Roger Goodell has his take on the situation, but it appears that he is more worried about profit than anything. You see it's hard to justify the NFL's current pricing for pre-season games when the starters rarely play more than three quarters in a pre-season game, and even that's beyond the norm aside from one game.
It's a valid point too; tickets cost just as much for less performance and less stakes. Even season ticket holders have to pay full price those games, so it begs the question, should a pre-season game be converted to a regular season game?
The proposed idea has either been switching one or two games over, which will add to the number of regular season games without adding any extra games to the whole season. But in reality it actually does add to the whole season for the teams, not in that they have to play an extra game, but that they have to compete at a professional level for an extra game.
That's another four quarters bone jarring hits that take a toll on the players. Another 60 minutes of stress on player's bodies that adds up by the time the playoffs roll around. That's another 60 snaps that the coaches have to plan and scheme for. The question is whether or not it's justified to put that burden on teams.
I won't sit here behind my little desk and pretend that I know the answer; truthfully I doubt anyone has the right answer on this subject. Owners stand to gain an extra $4 million in profit from even one game being converted, while teams would have to battle through an extra game trying to make it to the Super Bowl.
Personally I believe that we could use one more regular season game and one less pre-season game, but even I realize the consequences of such an adjustment. I cringe just like the next guy when players are hurt on the field. It's my biggest problem with Philly fans, is that when Irvin broke his neck 10 years ago in Philly, those fans were cheering as he lay still on the ground. Every fan in football should be sympathetic to a player being hurt, no matter what team they play for, no matter what's on the line, play-offs, super bowl title, or otherwise.
These guys go out and literally risk their lives and health for our entertainment, and unfortunately, that is not without consequence for some in the short term, and all in the long term.
It's not just because of the length of the schedule that these things come up, though. It's my opinion that the current format for bye weeks is in need of adjustment, with or without changing the number of regular season games.
No team should have a bye week before week 5, anything before that not only makes for an extended stretch of week after week abuse to end the season, but it guarantees injuries and poor performance in the playoffs. With the change of date and venue for the Pro Bowl in next year, it's even more evident as it's expected that few true starters will agree to play in the game if it's played a week before the Super Bowl. Effectively making the Pro Bowl a free-for-all game instead of an All-Star game, putting more stock into being elected to the Pro Bowl than actually participating in it.
So think bye week assignments should only span from week 5 to week 14, even with the current 16 game schedule. Beyond that it's wondered if the pre-season is even needed at all anymore.
Nowadays players are less likely to need exhibition games to get back into shape after an off-season since teams generally start off-season conditioning programs before the draft in April, and they now go through multiple voluntary workouts, OTAs, and mini-camps before even attending the mandatory training camp. In all, there are plenty of reasons why the concept of a pre-season is just outdated and unnecessary.

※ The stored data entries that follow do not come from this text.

text \<open>The straight segment in P joining the two cells has length |along v (\<pi> ! j) - along v (\<pi> ! i)|;
  by minimality the j - i steps of \<pi> are no more, which forces all of them to move along v.\<close>
lemma shortest_path_same_exit_no_across_step:
  assumes fin: "finite P" and v: "v \<in> unit_dirs" and sp: "shortest_path P \<pi>"
    and ij: "i \<le> j" "j < length \<pi>" and exit: "ray_exit P v (\<pi> ! i) = ray_exit P v (\<pi> ! j)"
    and k: "i \<le> k" "k < j"
  shows "k \<notin> across_steps v \<pi>"
proof -
  have p: "is_path P \<pi>" using sp by (simp add: shortest_path_def)
  have in_P: "\<pi> ! i \<in> P" "\<pi> ! j \<in> P" using is_path_subset[OF p] ij by auto
  obtain qs where qs: "is_path P qs" "hd qs = \<pi> ! i" "last qs = \<pi> ! j"
    "int (path_len qs) = \<bar>along v (\<pi> ! j) - along v (\<pi> ! i)\<bar>"
    using path_between_same_exit[OF fin v in_P exit] by blast
  let ?da = "\<lambda>m. along v (\<pi> ! Suc m) - along v (\<pi> ! m)"
  let ?dc = "\<lambda>m. \<bar>across v (\<pi> ! Suc m) - across v (\<pi> ! m)\<bar>"
  have "int (j - i) = (\<Sum>m\<in>{i..<j}. \<bar>?da m\<bar> + ?dc m)"
    using p ij adj_along_across[OF v] by (simp add: is_path_def)
  also have "\<dots> = (\<Sum>m\<in>{i..<j}. \<bar>?da m\<bar>) + (\<Sum>m\<in>{i..<j}. ?dc m)"
    by (rule sum.distrib)
  finally have "(\<Sum>m\<in>{i..<j}. ?dc m) \<le> 0"
    using shortest_path_segment_le[OF sp ij qs(1-3)] qs(4) sum_abs[of ?da "{i..<j}"]
      sum_Suc_diff'[OF ij(1), of "\<lambda>m. along v (\<pi> ! m)"]
    by linarith
  moreover have "?dc k \<le> (\<Sum>m\<in>{i..<j}. ?dc m)"
    using k by (intro member_le_sum) auto
  ultimately have "?dc k = 0" by simp
  then show ?thesis by (simp add: across_steps_def)
qed

lemma card_across_steps_less_card_exits:
  assumes fin: "finite P" and v: "v \<in> unit_dirs" and sp: "shortest_path P \<pi>"
  shows "card (across_steps v \<pi>) < card (ray_exit P v ` set \<pi>)"
proof -
  define D where "D = insert 0 (Suc ` across_steps v \<pi>)"
  have p: "is_path P \<pi>" using sp by (simp add: shortest_path_def)
  then have D_lt: "m < length \<pi>" if "m \<in> D" for m
    using that by (cases \<pi>) (auto simp: D_def across_steps_def)
  have distinct_exits: "ray_exit P v (\<pi> ! m) \<noteq> ray_exit P v (\<pi> ! m')"
    if mm': "m \<in> D" "m' \<in> D" "m < m'" for m m'
  proof
    assume "ray_exit P v (\<pi> ! m) = ray_exit P v (\<pi> ! m')"
    moreover obtain k where "k \<in> across_steps v \<pi>" "m' = Suc k"
      using mm' by (auto simp: D_def)
    ultimately show False
      using shortest_path_same_exit_no_across_step[OF fin v sp _ D_lt[OF mm'(2)], of m k] mm'
      by auto
  qed
  have "inj_on (\<lambda>m. ray_exit P v (\<pi> ! m)) D"
    by (intro inj_onI) (metis distinct_exits linorder_neqE_nat)
  then have "card D \<le> card (ray_exit P v ` set \<pi>)"
    using D_lt by (intro card_inj_on_le) auto
  moreover have "card D = Suc (card (across_steps v \<pi>))"
    using finite_across_steps by (simp add: D_def card_image)
  ultimately show ?thesis by simp
qed

text \<open>Each exit cell in direction v owns the boundary edge on its v-side.\<close>
lemma sum_card_exits_le_boundary_edges:
  assumes fin: "finite P" and S: "S \<subseteq> P"
  shows "(\<Sum>v\<in>unit_dirs. card (ray_exit P v ` S)) \<le> boundary_edges P"
proof -
  define Bd where "Bd = {(c, d). c \<in> P \<and> d \<notin> P \<and> adj c d}"
  define edge where "edge = (\<lambda>(v, e). (e, ray e v 1))"
  have fin_dirs: "finite unit_dirs" by (simp add: unit_dirs_def)
  have "Bd \<subseteq> (\<lambda>(c, v). (c, ray c v 1)) ` (P \<times> unit_dirs)"
    unfolding Bd_def by (auto dest!: adj_imp_ray_1)
  then have "finite Bd"
    by (rule finite_subset) (use fin fin_dirs in auto)
  moreover have "inj_on edge (Sigma unit_dirs (\<lambda>v. ray_exit P v ` S))"
    by (intro inj_onI) (auto simp: edge_def ray_def prod_eq_iff)
  moreover have "edge ` Sigma unit_dirs (\<lambda>v. ray_exit P v ` S) \<subseteq> Bd"
    using ray_exit_boundary_edge[OF fin] S by (auto simp: edge_def Bd_def)
  ultimately have "card (Sigma unit_dirs (\<lambda>v. ray_exit P v ` S)) \<le> card Bd"
    by (intro card_inj_on_le)
  then show ?thesis
    using fin_dirs finite_subset[OF S fin] by (simp add: boundary_edges_def Bd_def)
qed

lemma path_len_le_card_across_steps:
  assumes "is_path P \<pi>"
  shows "path_len \<pi> \<le> card (across_steps (1, 0) \<pi>) + card (across_steps (0, 1) \<pi>)"
proof -
  have "{..<path_len \<pi>} \<subseteq> across_steps (1, 0) \<pi> \<union> across_steps (0, 1) \<pi>"
  proof
    fix k assume "k \<in> {..<path_len \<pi>}"
    then have "Suc k < length \<pi>" "\<pi> ! k \<noteq> \<pi> ! Suc k"
      using assms adj_neq by (auto simp: is_path_def path_len_def)
    then show "k \<in> across_steps (1, 0) \<pi> \<union> across_steps (0, 1) \<pi>"
      by (auto simp: across_steps_def across_def prod_eq_iff)
  qed
  then have "path_len \<pi> \<le> card (across_steps (1, 0) \<pi> \<union> across_steps (0, 1) \<pi>)"
    by (metis card_lessThan card_mono finite_Un finite_across_steps)
  also have "\<dots> \<le> card (across_steps (1, 0) \<pi>) + card (across_steps (0, 1) \<pi>)"
    by (rule card_Un_le)
  finally show ?thesis .
qed

theorem lemma4:
  fixes P :: "cell set" and \<pi> :: "cell list"
  assumes "grid_polygon P"
    and "shortest_path P \<pi>"
  shows "2 * int (path_len \<pi>) \<le> int (boundary_edges P) - 4"
proof -
  have fin: "finite P" using assms(1) by (simp add: grid_polygon_def)
  have p: "is_path P \<pi>" using assms(2) by (simp add: shortest_path_def)
  let ?exits = "\<lambda>v. card (ray_exit P v ` set \<pi>)"
  have across_steps_neg: "across_steps (-1, 0) \<pi> = across_steps (1, 0) \<pi>"
    "across_steps (0, -1) \<pi> = across_steps (0, 1) \<pi>"
    by (auto simp: across_steps_def across_def)
  have less: "card (across_steps v \<pi>) < ?exits v" if "v \<in> unit_dirs" for v
    using card_across_steps_less_card_exits[OF fin that assms(2)] .
  have "2 * card (across_steps (1, 0) \<pi>) + 2 * card (across_steps (0, 1) \<pi>) + 4
      \<le> ?exits (1, 0) + ?exits (-1, 0) + ?exits (0, 1) + ?exits (0, -1)"
    using less[of "(1, 0)"] less[of "(-1, 0)"] less[of "(0, 1)"] less[of "(0, -1)"]
    by (simp add: unit_dirs_def across_steps_neg)
  also have "\<dots> = (\<Sum>v\<in>unit_dirs. ?exits v)"
    by (simp add: unit_dirs_def)
  also have "\<dots> \<le> boundary_edges P"
    using sum_card_exits_le_boundary_edges[OF fin is_path_subset[OF p]] .
  finally show ?thesis
    using path_len_le_card_across_steps[OF p] by linarith
qed

end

Then again, would anyone argue that the pre-season games helped Matt Cassel prepare for a season as the starter in New England after seeing Brady go down in week one? How about all the guys trying to earn a starting spot, or simply more playing time in general, with good performances in exhibition games? Are not pre-season games invaluable to teams for those reasons?
It's a sticky subject that has plenty of sound logic on both sides on the fence, and while it would set a new precedent for the NFL, should it not be the players, coaches, and owners deciding what happens to the schedule next? The owners, with the few exceptions the likes of Jerry Jones and Al Davis, have little to do with weekly team operations and arguably are not the best representatives in a debate such as this.
Then again, maybe it's all mute and nothing will come of the talks this year. It only means that it'll be discussed again next year. But you guys tell me, how many pre-season games should be re-designated as regular season games?
You can also comment below if you have a more varied opinion than what a poll can let you describe.
How The Tables Have Turned for 2019 Dallas Cowboys
The 2018 season was a two-part tale for the Dallas Cowboys. The first is the story of a mediocre 3-5 team that couldn't get it going offensively. The second part is about a football team that turned its season around, made the playoffs, got a win in the postseason and ultimately lost to the team that ended up representing the NFC in Super Bowl LIII, the Los Angeles Rams.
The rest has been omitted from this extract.